Short-term pain #3: The fear it might not work out
The founding team works long hours for little or no pay, barely scraping by for months. Regardless of their Herculean effort, there’s no guarantee the company will succeed. There’s a constant fear in the back of everyone’s mind that they are sacrificing all they have for something that may ultimately fail.
That kind of stress paired with early mornings, late nights and lack of funds is usually what scares away would-be entrepreneurs. But it’s just fear. It’s not reality. While there’s no guarantee it will work, there’s also no guarantee it won’t.
Related: What the High Dive Can Teach Entrepreneurs About Dealing With Fear
And ultimately, it isn’t real risk. Regardless of the outcome, the gains will likely outweigh these pains. Here’s how you win, regardless of whether your startup results in an initial public offering or a closing of the business:
Long-term gain #1: Compensation growth and equity
While founders and early employees may start out making below-market salary for their skills, when the company gets big, they’ll be making more than they would have in their alternative reality non-startup company. At a startup, founders automatically step into senior management roles, skipping over the traditional rise up the ladder. As the company grows, early employees naturally move into higher management positions. Since they helped build the company from the ground up, they’ve earned the seniority needed to lead newer employees.
Additionally, the equity value in a successful startup can be more than enough to offset any short-term decreases in pay in the beginning.

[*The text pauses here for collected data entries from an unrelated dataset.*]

(* In the setting of the context, let $\hat V\in C^{0,\alpha}(\Sigma,\mathbb{R})$ with $\hat V(x)>0$ for all $x$. Then there is a unique $c\in\mathbb{R}$ with $P(-c\hat V)=0$. Moreover $c>0$ if $P(0)>0$ and $c<0$ if $P(0)<0$.
   Context: $\Sigma=\{1,\dots,t\}^{\mathbb{N}}$ with the metric $d_\gamma(x,y)=\inf\{\gamma^{k+1}:x_j=y_j,\ j\le k\}$ (fixed $\gamma\in(0,1)$), $\sigma$ the shift, $ix=(i,x_0,x_1,\dots)$. $\psi_1,\dots,\psi_t$ are affine bijections of $\mathbb{R}^d$ with $\max\mathrm{Lip}(\psi_i)<1$, $q\in\{1,\dots,d\}$, $(D\psi_i)_*$ the pull-back on $\Lambda^q(\mathbb{R}^d)$, $M^q$ the self-adjoint operators on $\Lambda^q$, $\Psi_i(A)={}^t(D\psi_i)_*A(D\psi_i)_*$. Assume $(ND_q)$: there is $\gamma'>0$ such that for all $c,e\in\Lambda^q$ some $i$ has $|((D\psi_i)_*c,e)|\ge\gamma'\|c\|\|e\|$. For $W\in C^{0,\alpha}(\Sigma,\mathbb{R})$ the Ruelle operator $(\mathcal{L}_WA)(x)=\sum_ie^{W(ix)}\Psi_i(A(ix))$ on $C(\Sigma,M^q)$ has a unique eigenvalue $\beta_W>0$ admitting an eigenfunction in $C(\Sigma,M^q)$ positive definite at every point; the pressure is $P(W)=\log\beta_W$. *)

theory Defs
  imports "HOL-Analysis.Analysis"
begin

text \<open>Symbolic space: alphabet {0..<t} (standing for {1..t}); points are sequences.\<close>
definition Sigma_sp :: "nat \<Rightarrow> (nat \<Rightarrow> nat) set" where
  "Sigma_sp t = {x. \<forall>n. x n < t}"

text \<open>d_gamma(x,y) = gamma^(k+1), k+1 = first index of disagreement.\<close>
definition dgam :: "real \<Rightarrow> (nat \<Rightarrow> nat) \<Rightarrow> (nat \<Rightarrow> nat) \<Rightarrow> real" where
  "dgam \<gamma> x y = (if x = y then 0 else \<gamma> ^ (LEAST n. x n \<noteq> y n))"

definition scons :: "nat \<Rightarrow> (nat \<Rightarrow> nat) \<Rightarrow> (nat \<Rightarrow> nat)" where
  "scons i x = case_nat i x"

definition holder :: "nat \<Rightarrow> real \<Rightarrow> real \<Rightarrow> ((nat \<Rightarrow> nat) \<Rightarrow> real) \<Rightarrow> bool" where
  "holder t \<gamma> \<alpha> W \<longleftrightarrow> (\<exists>C. \<forall>x\<in>Sigma_sp t. \<forall>y\<in>Sigma_sp t.
      \<bar>W x - W y\<bar> \<le> C * dgam \<gamma> x y powr \<alpha>)"

text \<open>Lambda^q(R^d): coefficient functions on the basis dx_I, I a q-subset of the
  (linearly ordered) coordinate index type; only values on qidx q matter.\<close>
definition qidx :: "nat \<Rightarrow> 'n::{finite,linorder} set set" where
  "qidx q = {I. card I = q}"

definition ipq :: "nat \<Rightarrow> ('n::{finite,linorder} set \<Rightarrow> real) \<Rightarrow> ('n::{finite,linorder} set \<Rightarrow> real) \<Rightarrow> real" where
  "ipq q c e = (\<Sum>I\<in>qidx q. c I * e I)"

definition normq :: "nat \<Rightarrow> ('n::{finite,linorder} set \<Rightarrow> real) \<Rightarrow> real" where
  "normq q c = sqrt (ipq q c c)"

definition minor :: "real^('n::{finite,linorder})^'n::{finite,linorder} \<Rightarrow> nat \<Rightarrow> 'n::{finite,linorder} set \<Rightarrow> 'n::{finite,linorder} set \<Rightarrow> real" where
  "minor L q J K = (\<Sum>p\<in>{p. p permutes {..<q}}. of_int (sign p) *
      (\<Prod>k<q. L $ (sorted_list_of_set J ! k) $ (sorted_list_of_set K ! p k)))"
lemma exp_next_Psi_le:
  fixes U c :: real
  assumes step: "\<And>i. i < n \<Longrightarrow>
      (\<integral>\<omega>. Psi a (slot_vec n Ns (w(i := w i + \<omega>))) \<partial>W) \<le> U - c * exp (- a * slot_val n Ns w i)"
    and tie: "tie_rule n Ns w p" and c: "0 \<le> c" and D: "set_pmf D \<subseteq> {..<n}" and a: "0 < a"
  defines "f \<equiv> \<lambda>l. exp (- a * slot_val n Ns w l)"
  shows "exp_next_Psi a n Ns D W p w \<le> U - c * (\<Sum>i<n. \<Sum>j<n. pmf D i * pmf D j * max (f i) (f j))"
proof -
  have "exp_next_Psi a n Ns D W p w \<le> (\<Sum>i<n. \<Sum>j<n. pmf D i * pmf D j * (U - c * max (f i) (f j)))"
    unfolding exp_next_Psi_def
  proof (intro sum_mono mult_left_mono)
    fix i j
    assume i: "i \<in> {..<n}" and j: "j \<in> {..<n}"
    have p: "0 \<le> p i j" "p i j \<le> 1"
      using tie i j unfolding tie_rule_def by auto
    have "p i j * (\<integral>\<omega>. Psi a (slot_vec n Ns (w(i := w i + \<omega>))) \<partial>W)
        + (1 - p i j) * (\<integral>\<omega>. Psi a (slot_vec n Ns (w(j := w j + \<omega>))) \<partial>W)
        \<le> p i j * (U - c * f i) + (1 - p i j) * (U - c * f j)"
      using step[of i] step[of j] i j p unfolding f_def by (intro add_mono mult_left_mono) auto
    also have "\<dots> = U - c * (p i j * f i + (1 - p i j) * f j)"
      by (simp add: algebra_simps)
    also have "p i j * f i + (1 - p i j) * f j = max (f i) (f j)"
      using tie_rule_picks_max[OF tie _ _ a] i j unfolding f_def by simp
    finally show "p i j * (\<integral>\<omega>. Psi a (slot_vec n Ns (w(i := w i + \<omega>))) \<partial>W)
        + (1 - p i j) * (\<integral>\<omega>. Psi a (slot_vec n Ns (w(j := w j + \<omega>))) \<partial>W)
        \<le> U - c * max (f i) (f j)" .
  qed simp
  also have "\<dots> = U * ((\<Sum>i<n. pmf D i) * (\<Sum>j<n. pmf D j))
      - c * (\<Sum>i<n. \<Sum>j<n. pmf D i * pmf D j * max (f i) (f j))"
    by (simp add: sum_product sum_distrib_left sum_subtractf algebra_simps)
  also have "(\<Sum>i<n. pmf D i) = 1"
    by (rule sum_pmf_eq_1) (use D in auto)
  finally show ?thesis by simp
qed

lemma mass_not_above_threshold_ge:
  fixes d q f :: "nat \<Rightarrow> real"
  assumes sq: "(\<Sum>i<n. q i) = 1" and dq: "\<And>i. i < n \<Longrightarrow> r * q i \<le> d i" and r: "0 \<le> r"
    and half: "(\<Sum>i<n. if \<tau> < f i then q i else 0) < 1/2"
  shows "r / 2 \<le> (\<Sum>i<n. if \<tau> < f i then 0 else d i)"
proof -
  have "(\<Sum>i<n. if \<tau> < f i then q i else 0) + (\<Sum>i<n. if \<tau> < f i then 0 else q i) = (\<Sum>i<n. q i)"
    by (auto simp: sum.distrib[symmetric] intro!: sum.cong)
  then have "r * (1/2) \<le> r * (\<Sum>i<n. if \<tau> < f i then 0 else q i)"
    using sq half r by (intro mult_left_mono) auto
  also have "\<dots> \<le> (\<Sum>i<n. if \<tau> < f i then 0 else d i)"
    unfolding sum_distrib_left by (intro sum_mono) (use dq in auto)
  finally show ?thesis by simp
qed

As a startup accrues value, equity value grows to exceed what early team members would make as employees at regular day jobs.
Long-term gain #2: Not much is actually lost — even in failure
Even if the business fails, not much money is lost by an employee or founder in the grand scheme of things. Let's say Sara tries to build a startup. She makes nothing. Zero dollars. Zilch. Six months later, it fails. Take the lost wages (half of one year’s salary at the next best alternative job) and divide it by all the money she will make in her career. It's just a tiny portion.

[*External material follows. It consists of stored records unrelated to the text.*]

lemma friedkin_johnsen_self_appraisal_map:
  fixes P :: "real^'n^'n" and a b :: "'n \<Rightarrow> real \<Rightarrow> real" and Z :: "real^'n \<Rightarrow> real^'n^'n"
  assumes P: "row_stochastic P"
    and ab: "\<forall>i. real_analytic_on (a i) {0..1} \<and> real_analytic_on (b i) {0..1}
           \<and> (\<forall>t\<in>{0..1}. a i t \<in> {0..1} \<and> b i t \<in> {0..1}
                \<and> 1 - a i t - b i t \<noteq> 0 \<and> 1 - a i t - b i t \<ge> 0)"
    and Z: "\<forall>x\<in>prob_simplex. doubly_stochastic (Z x) \<and> orthogonal_matrix (Z x)"
    and Z_cont: "\<forall>i j. continuous_on prob_simplex (\<lambda>x. Z x $ i $ j)"
  shows "let G = (\<lambda>x. transpose (matrix_inv (mat 1 - diagm a x - diagm b x ** P)
                                 ** ((mat 1 - diagm a x - diagm b x) ** Z x))
                     *v (\<chi> i. 1 / real CARD('n)));
           U = (\<lambda>x. ones_outer_n - matrix_inv (mat 1 - diagm a x - diagm b x) ** diagm b x
                      ** (mat 1 - P));
           F = (\<lambda>x. (THE u. u v* U x = u \<and> (\<Sum>i\<in>UNIV. u $ i) = 1) v* Z x)
       in (\<forall>x\<in>prob_simplex. (\<exists>!u. u v* U x = u \<and> (\<Sum>i\<in>UNIV. u $ i) = 1)
                        \<and> G x = F x \<and> F x \<in> prob_simplex)
          \<and> continuous_on prob_simplex F"
proof -
  define G where "G = (\<lambda>x. transpose (matrix_inv (opinion_matrix P a b x)
    ** (innate_matrix a b x ** Z x)) *v uniform_vector)"
  define U where "U = appraisal_matrix P a b"
  define F where "F = (\<lambda>x. (THE u. u v* U x = u \<and> (\<Sum>i\<in>UNIV. u $ i) = 1) v* Z x)"
  have ab_range: "0 \<le> a k (x $ k) \<and> 0 \<le> b k (x $ k) \<and> a k (x $ k) + b k (x $ k) < 1"
    if "x \<in> prob_simplex" for x k
  proof -
    have "x $ k \<in> {0..1}" using prob_simplex_nth_bounds[OF that, of k] by simp
    then have "a k (x $ k) \<in> {0..1}" "b k (x $ k) \<in> {0..1}"
      "1 - a k (x $ k) - b k (x $ k) \<noteq> 0" "1 - a k (x $ k) - b k (x $ k) \<ge> 0"
      using ab by blast+
    then show ?thesis by auto
  qed
  have fixed_point_iff: "u v* U x = u \<and> (\<Sum>i\<in>UNIV. u $ i) = 1 \<longleftrightarrow> u = appraisal_weights P a b x"
    if "x \<in> prob_simplex" for x u
    unfolding U_def
    by (rule normalized_fixed_point_iff_appraisal_weights[where a = a and b = b,
          OF P ab_range[OF that]])
  have F_eq: "F x = appraisal_weights P a b x v* Z x" if "x \<in> prob_simplex" for x
    unfolding F_def fixed_point_iff[OF that] by simp
  have "F x \<in> prob_simplex" if x: "x \<in> prob_simplex" for x
    unfolding F_eq[OF x] using Z x
    by (intro prob_simplex_vector_matrix_mult
        appraisal_weights_in_prob_simplex[where a = a and b = b, OF P ab_range[OF x]])
      (simp_all add: doubly_stochastic_def)
  moreover have "\<exists>!u. u v* U x = u \<and> (\<Sum>i\<in>UNIV. u $ i) = 1" if "x \<in> prob_simplex" for x
    unfolding fixed_point_iff[OF that] by simp
  moreover have "G x = F x" if "x \<in> prob_simplex" for x
    by (simp add: G_def F_eq[OF that] vector_matrix_mul_assoc matrix_mul_assoc)
  moreover have "continuous_on prob_simplex F"
  proof -
    have "continuous_on prob_simplex (\<lambda>x. a i (x $ i))"
      and "continuous_on prob_simplex (\<lambda>x. b i (x $ i))" for i
      using ab
      by (auto intro!: continuous_on_prob_simplex_nth_comp real_analytic_on_imp_continuous_on)
    then have "continuous_on prob_simplex (appraisal_weights P a b)"
      by (intro continuous_on_appraisal_weights[where a = a and b = b, OF P ab_range])
    then have "continuous_on prob_simplex (\<lambda>x. appraisal_weights P a b x v* Z x)"
      by (rule continuous_on_vector_matrix_mult[OF continuous_on_component]) (use Z_cont in blast)+
    then show ?thesis
      by (rule continuous_on_cong[THEN iffD1, rotated 2]) (simp_all add: F_eq)
  qed
  ultimately have "(\<forall>x\<in>prob_simplex. (\<exists>!u. u v* U x = u \<and> (\<Sum>i\<in>UNIV. u $ i) = 1)
      \<and> G x = F x \<and> F x \<in> prob_simplex) \<and> continuous_on prob_simplex F"
    by blast
  then show ?thesis
    unfolding Let_def G_def U_def F_def .
qed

The losses, while real, are mitigated by the short time frame in which startups make it or break it.
Long-term gain #3: Learning at a fast-forward pace
Running a startup forces founders and employees to learn more than they would at any traditional job, earlier in their career. Everyone is forced to do more, do it more quickly and are asked to execute beyond their pay grade and experience. This means rapid development of experience and skills that may take years to acquire in another environment. If the company doesn’t go big, at the least employees will walk away with knowledge and experience that makes them more valuable in the job market.
Long-term gain #4: Building a solid network
When building a startup, founders and employees meet and have the opportunity to develop relationships with key people who may influence the business or their career. They’ll attend industry events and meet business influencers, investors, founders and others who could get their ideas in front of the right eyes to help the startup take off. These connections may also support their individual careers down the road. Plus, it doesn’t hurt to be well-connected to a pool of successful investors when another great idea for a business manifests in the future.

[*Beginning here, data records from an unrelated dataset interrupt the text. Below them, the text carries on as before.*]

(* Under the hypotheses and definitions below, for all $0\le l,m\le N-1$, $$\sum_{n\in\mathbb Z}\phi_l(n)\psi_m(n)=\delta_{l,m}.$$
   Context: Fix $0<q<1$, $N\ge1$, $t>0$, $0\le\alpha_i<a_j\le1$ for all $i,j$; $(x;q)_\infty=\prod_{k\ge0}(1-xq^k)$. Constants $b,c$ with $\max_i\alpha_i<b<\min_ia_i\le1<c$; $\tau(n)=b^n$ for $n\ge0$, $\tau(n)=c^n$ for $n<0$. $\phi_l(n)=\tau(n)\frac{1}{2\pi i}\oint_Ddv\,\frac{e^{-vt}}{v^{n+N}}\frac{1}{v-a_{l+1}}\prod_{j=1}^l\frac{v-\alpha_j}{v-a_j}\prod_{k=1}^N\frac{(q\alpha_k/v;q)_\infty}{(qv/a_k;q)_\infty}$ and $\psi_l(n)=\frac{a_{l+1}-\alpha_{l+1}}{\tau(n)}\frac{1}{2\pi i}\oint_{C_r}\frac{dz}{z}\frac{e^{zt}z^{n+N}}{z-\alpha_{l+1}}\prod_{j=1}^l\frac{z-a_j}{z-\alpha_j}\prod_{k=1}^N\frac{(qz/a_k;q)_\infty}{(q\alpha_k/z;q)_\infty}$, where $D$ is a positively oriented contour enclosing $a_1,\dots,a_N$ but not $0$ nor $a_kq^{-j}$ ($j\ge1$), and $C_r$ a positively oriented contour enclosing $0$ and all $\alpha_iq^j$ ($j\ge0$). *)

theory Defs
  imports "HOL-Analysis.Analysis"
begin

definition cint :: "(real \<Rightarrow> complex) \<Rightarrow> (complex \<Rightarrow> complex) \<Rightarrow> complex" where
  "cint g f = integral {0..1} (\<lambda>x. f (g x) * vector_derivative g (at x within {0..1}))"

definition wn :: "(real \<Rightarrow> complex) \<Rightarrow> complex \<Rightarrow> complex" where
  "wn g z = cint g (\<lambda>w. 1 / (w - z)) / (2 * pi * \<i>)"

definition qpoch :: "complex \<Rightarrow> real \<Rightarrow> complex" where
  "qpoch x q = (\<Prod>k. 1 - x * of_real q ^ k)"

definition tau :: "real \<Rightarrow> real \<Rightarrow> int \<Rightarrow> real" where
  "tau b c n = (if n \<ge> 0 then b powi n else c powi n)"

text \<open>phi_l(n); a, al are indexed 1..N.\<close>
definition phi :: "real \<Rightarrow> nat \<Rightarrow> real \<Rightarrow> (nat \<Rightarrow> real) \<Rightarrow> (nat \<Rightarrow> real) \<Rightarrow> real \<Rightarrow> real
    \<Rightarrow> (real \<Rightarrow> complex) \<Rightarrow> nat \<Rightarrow> int \<Rightarrow> complex" where
  "phi q N t a al b c D l n =
     of_real (tau b c n) * (cint D (\<lambda>v.
        exp (- v * of_real t) / v powi (n + int N) * (1 / (v - of_real (a (l+1))))
        * (\<Prod>j=1..l. (v - of_real (al j)) / (v - of_real (a j)))
        * (\<Prod>k=1..N. qpoch (of_real q * of_real (al k) / v) q / qpoch (of_real q * v / of_real (a k)) q))
      / (2 * pi * \<i>))"

definition psi :: "real \<Rightarrow> nat \<Rightarrow> real \<Rightarrow> (nat \<Rightarrow> real) \<Rightarrow> (nat \<Rightarrow> real) \<Rightarrow> real \<Rightarrow> real
    \<Rightarrow> (real \<Rightarrow> complex) \<Rightarrow> nat \<Rightarrow> int \<Rightarrow> complex" where
  "psi q N t a al b c C l n =
     of_real ((a (l+1) - al (l+1)) / tau b c n) * (cint C (\<lambda>z.
        (1 / z) * exp (z * of_real t) * z powi (n + int N) / (z - of_real (al (l+1)))
        * (\<Prod>j=1..l. (z - of_real (a j)) / (z - of_real (al j)))
        * (\<Prod>k=1..N. qpoch (of_real q * z / of_real (a k)) q / qpoch (of_real q * of_real (al k) / z) q))
      / (2 * pi * \<i>))"

end

theory Submission
  imports Defs "HOL-Complex_Analysis.Complex_Analysis"
begin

While there can be downsides to founding or working at a startup in the beginning, there’s always a light at the end of the tunnel — in the upside or downside. Ultimately, the experience gained, the connections made and lessons learned are likely to be more than enough value to cover any short-term losses.
And those who make it? They get to change the world in some way, experience a life-changing sense of accomplishment and validate that the risk was worth it all along.